EXERCISE AIM:
The expected response is the entire set of entries, copied exactly.
☆ ☆ ☆ ☆
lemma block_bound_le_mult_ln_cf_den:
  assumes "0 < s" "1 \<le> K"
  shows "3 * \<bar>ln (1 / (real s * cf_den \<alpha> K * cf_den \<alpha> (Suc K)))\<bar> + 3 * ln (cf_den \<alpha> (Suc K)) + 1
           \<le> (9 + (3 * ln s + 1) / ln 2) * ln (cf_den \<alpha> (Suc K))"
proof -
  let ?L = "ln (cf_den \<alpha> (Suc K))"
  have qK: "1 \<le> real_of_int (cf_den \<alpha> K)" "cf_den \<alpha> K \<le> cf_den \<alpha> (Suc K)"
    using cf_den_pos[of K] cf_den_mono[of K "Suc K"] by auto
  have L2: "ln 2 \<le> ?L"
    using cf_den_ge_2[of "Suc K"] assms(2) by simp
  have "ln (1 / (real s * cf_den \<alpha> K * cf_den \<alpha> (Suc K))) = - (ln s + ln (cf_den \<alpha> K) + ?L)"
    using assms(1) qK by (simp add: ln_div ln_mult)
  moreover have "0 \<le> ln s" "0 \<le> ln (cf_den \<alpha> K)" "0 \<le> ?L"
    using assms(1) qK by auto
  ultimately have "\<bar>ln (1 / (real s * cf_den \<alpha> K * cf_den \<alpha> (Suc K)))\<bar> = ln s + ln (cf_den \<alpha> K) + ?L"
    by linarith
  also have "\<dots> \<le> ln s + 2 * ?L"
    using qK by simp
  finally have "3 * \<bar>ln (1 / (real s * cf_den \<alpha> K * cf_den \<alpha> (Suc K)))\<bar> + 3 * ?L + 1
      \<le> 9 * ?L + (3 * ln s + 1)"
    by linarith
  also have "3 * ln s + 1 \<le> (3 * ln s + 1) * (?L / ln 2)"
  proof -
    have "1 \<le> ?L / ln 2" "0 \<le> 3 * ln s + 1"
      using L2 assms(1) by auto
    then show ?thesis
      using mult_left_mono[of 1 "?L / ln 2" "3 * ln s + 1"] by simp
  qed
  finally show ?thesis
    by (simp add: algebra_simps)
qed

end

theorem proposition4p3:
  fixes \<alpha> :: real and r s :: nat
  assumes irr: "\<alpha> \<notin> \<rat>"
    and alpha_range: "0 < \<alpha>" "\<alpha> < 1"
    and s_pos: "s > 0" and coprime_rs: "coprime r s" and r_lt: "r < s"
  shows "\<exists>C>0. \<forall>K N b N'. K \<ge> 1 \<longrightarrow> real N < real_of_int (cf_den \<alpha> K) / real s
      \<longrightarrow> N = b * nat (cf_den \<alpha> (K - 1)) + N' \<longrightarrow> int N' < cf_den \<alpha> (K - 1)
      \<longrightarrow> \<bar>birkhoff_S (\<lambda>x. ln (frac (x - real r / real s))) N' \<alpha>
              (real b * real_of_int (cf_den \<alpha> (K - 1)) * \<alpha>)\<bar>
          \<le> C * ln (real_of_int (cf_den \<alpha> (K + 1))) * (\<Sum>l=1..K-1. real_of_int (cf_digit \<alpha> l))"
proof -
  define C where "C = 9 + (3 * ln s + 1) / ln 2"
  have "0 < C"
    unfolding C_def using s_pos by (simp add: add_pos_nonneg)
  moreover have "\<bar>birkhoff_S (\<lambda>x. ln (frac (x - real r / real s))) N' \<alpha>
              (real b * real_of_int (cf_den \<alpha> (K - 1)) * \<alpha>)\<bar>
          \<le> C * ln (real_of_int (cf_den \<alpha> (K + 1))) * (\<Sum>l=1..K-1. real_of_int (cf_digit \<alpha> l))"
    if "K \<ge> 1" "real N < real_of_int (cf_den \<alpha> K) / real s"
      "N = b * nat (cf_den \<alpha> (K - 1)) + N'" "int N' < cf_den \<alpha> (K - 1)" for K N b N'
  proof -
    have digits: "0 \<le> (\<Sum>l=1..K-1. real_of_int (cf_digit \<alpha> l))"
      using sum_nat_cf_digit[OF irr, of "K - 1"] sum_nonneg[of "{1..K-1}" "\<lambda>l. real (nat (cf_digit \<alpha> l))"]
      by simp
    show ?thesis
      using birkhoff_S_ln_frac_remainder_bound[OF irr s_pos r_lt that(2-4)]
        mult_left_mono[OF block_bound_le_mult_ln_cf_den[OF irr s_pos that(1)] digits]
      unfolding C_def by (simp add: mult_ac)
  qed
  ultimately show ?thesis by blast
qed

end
☆ ☆ ☆ ☆
SOLUTION TO THIS TASK:
lemma block_bound_le_mult_ln_cf_den:
  assumes "0 < s" "1 \<le> K"
  shows "3 * \<bar>ln (1 / (real s * cf_den \<alpha> K * cf_den \<alpha> (Suc K)))\<bar> + 3 * ln (cf_den \<alpha> (Suc K)) + 1
           \<le> (9 + (3 * ln s + 1) / ln 2) * ln (cf_den \<alpha> (Suc K))"
proof -
  let ?L = "ln (cf_den \<alpha> (Suc K))"
  have qK: "1 \<le> real_of_int (cf_den \<alpha> K)" "cf_den \<alpha> K \<le> cf_den \<alpha> (Suc K)"
    using cf_den_pos[of K] cf_den_mono[of K "Suc K"] by auto
  have L2: "ln 2 \<le> ?L"
    using cf_den_ge_2[of "Suc K"] assms(2) by simp
  have "ln (1 / (real s * cf_den \<alpha> K * cf_den \<alpha> (Suc K))) = - (ln s + ln (cf_den \<alpha> K) + ?L)"
    using assms(1) qK by (simp add: ln_div ln_mult)
  moreover have "0 \<le> ln s" "0 \<le> ln (cf_den \<alpha> K)" "0 \<le> ?L"
    using assms(1) qK by auto
  ultimately have "\<bar>ln (1 / (real s * cf_den \<alpha> K * cf_den \<alpha> (Suc K)))\<bar> = ln s + ln (cf_den \<alpha> K) + ?L"
    by linarith
  also have "\<dots> \<le> ln s + 2 * ?L"
    using qK by simp
  finally have "3 * \<bar>ln (1 / (real s * cf_den \<alpha> K * cf_den \<alpha> (Suc K)))\<bar> + 3 * ?L + 1
      \<le> 9 * ?L + (3 * ln s + 1)"
    by linarith
  also have "3 * ln s + 1 \<le> (3 * ln s + 1) * (?L / ln 2)"
  proof -
    have "1 \<le> ?L / ln 2" "0 \<le> 3 * ln s + 1"
      using L2 assms(1) by auto
    then show ?thesis
      using mult_left_mono[of 1 "?L / ln 2" "3 * ln s + 1"] by simp
  qed
  finally show ?thesis
    by (simp add: algebra_simps)
qed

end

theorem proposition4p3:
  fixes \<alpha> :: real and r s :: nat
  assumes irr: "\<alpha> \<notin> \<rat>"
    and alpha_range: "0 < \<alpha>" "\<alpha> < 1"
    and s_pos: "s > 0" and coprime_rs: "coprime r s" and r_lt: "r < s"
  shows "\<exists>C>0. \<forall>K N b N'. K \<ge> 1 \<longrightarrow> real N < real_of_int (cf_den \<alpha> K) / real s
      \<longrightarrow> N = b * nat (cf_den \<alpha> (K - 1)) + N' \<longrightarrow> int N' < cf_den \<alpha> (K - 1)
      \<longrightarrow> \<bar>birkhoff_S (\<lambda>x. ln (frac (x - real r / real s))) N' \<alpha>
              (real b * real_of_int (cf_den \<alpha> (K - 1)) * \<alpha>)\<bar>
          \<le> C * ln (real_of_int (cf_den \<alpha> (K + 1))) * (\<Sum>l=1..K-1. real_of_int (cf_digit \<alpha> l))"
proof -
  define C where "C = 9 + (3 * ln s + 1) / ln 2"
  have "0 < C"
    unfolding C_def using s_pos by (simp add: add_pos_nonneg)
  moreover have "\<bar>birkhoff_S (\<lambda>x. ln (frac (x - real r / real s))) N' \<alpha>
              (real b * real_of_int (cf_den \<alpha> (K - 1)) * \<alpha>)\<bar>
          \<le> C * ln (real_of_int (cf_den \<alpha> (K + 1))) * (\<Sum>l=1..K-1. real_of_int (cf_digit \<alpha> l))"
    if "K \<ge> 1" "real N < real_of_int (cf_den \<alpha> K) / real s"
      "N = b * nat (cf_den \<alpha> (K - 1)) + N'" "int N' < cf_den \<alpha> (K - 1)" for K N b N'
  proof -
    have digits: "0 \<le> (\<Sum>l=1..K-1. real_of_int (cf_digit \<alpha> l))"
      using sum_nat_cf_digit[OF irr, of "K - 1"] sum_nonneg[of "{1..K-1}" "\<lambda>l. real (nat (cf_digit \<alpha> l))"]
      by simp
    show ?thesis
      using birkhoff_S_ln_frac_remainder_bound[OF irr s_pos r_lt that(2-4)]
        mult_left_mono[OF block_bound_le_mult_ln_cf_den[OF irr s_pos that(1)] digits]
      unfolding C_def by (simp add: mult_ac)
  qed
  ultimately show ?thesis by blast
qed

end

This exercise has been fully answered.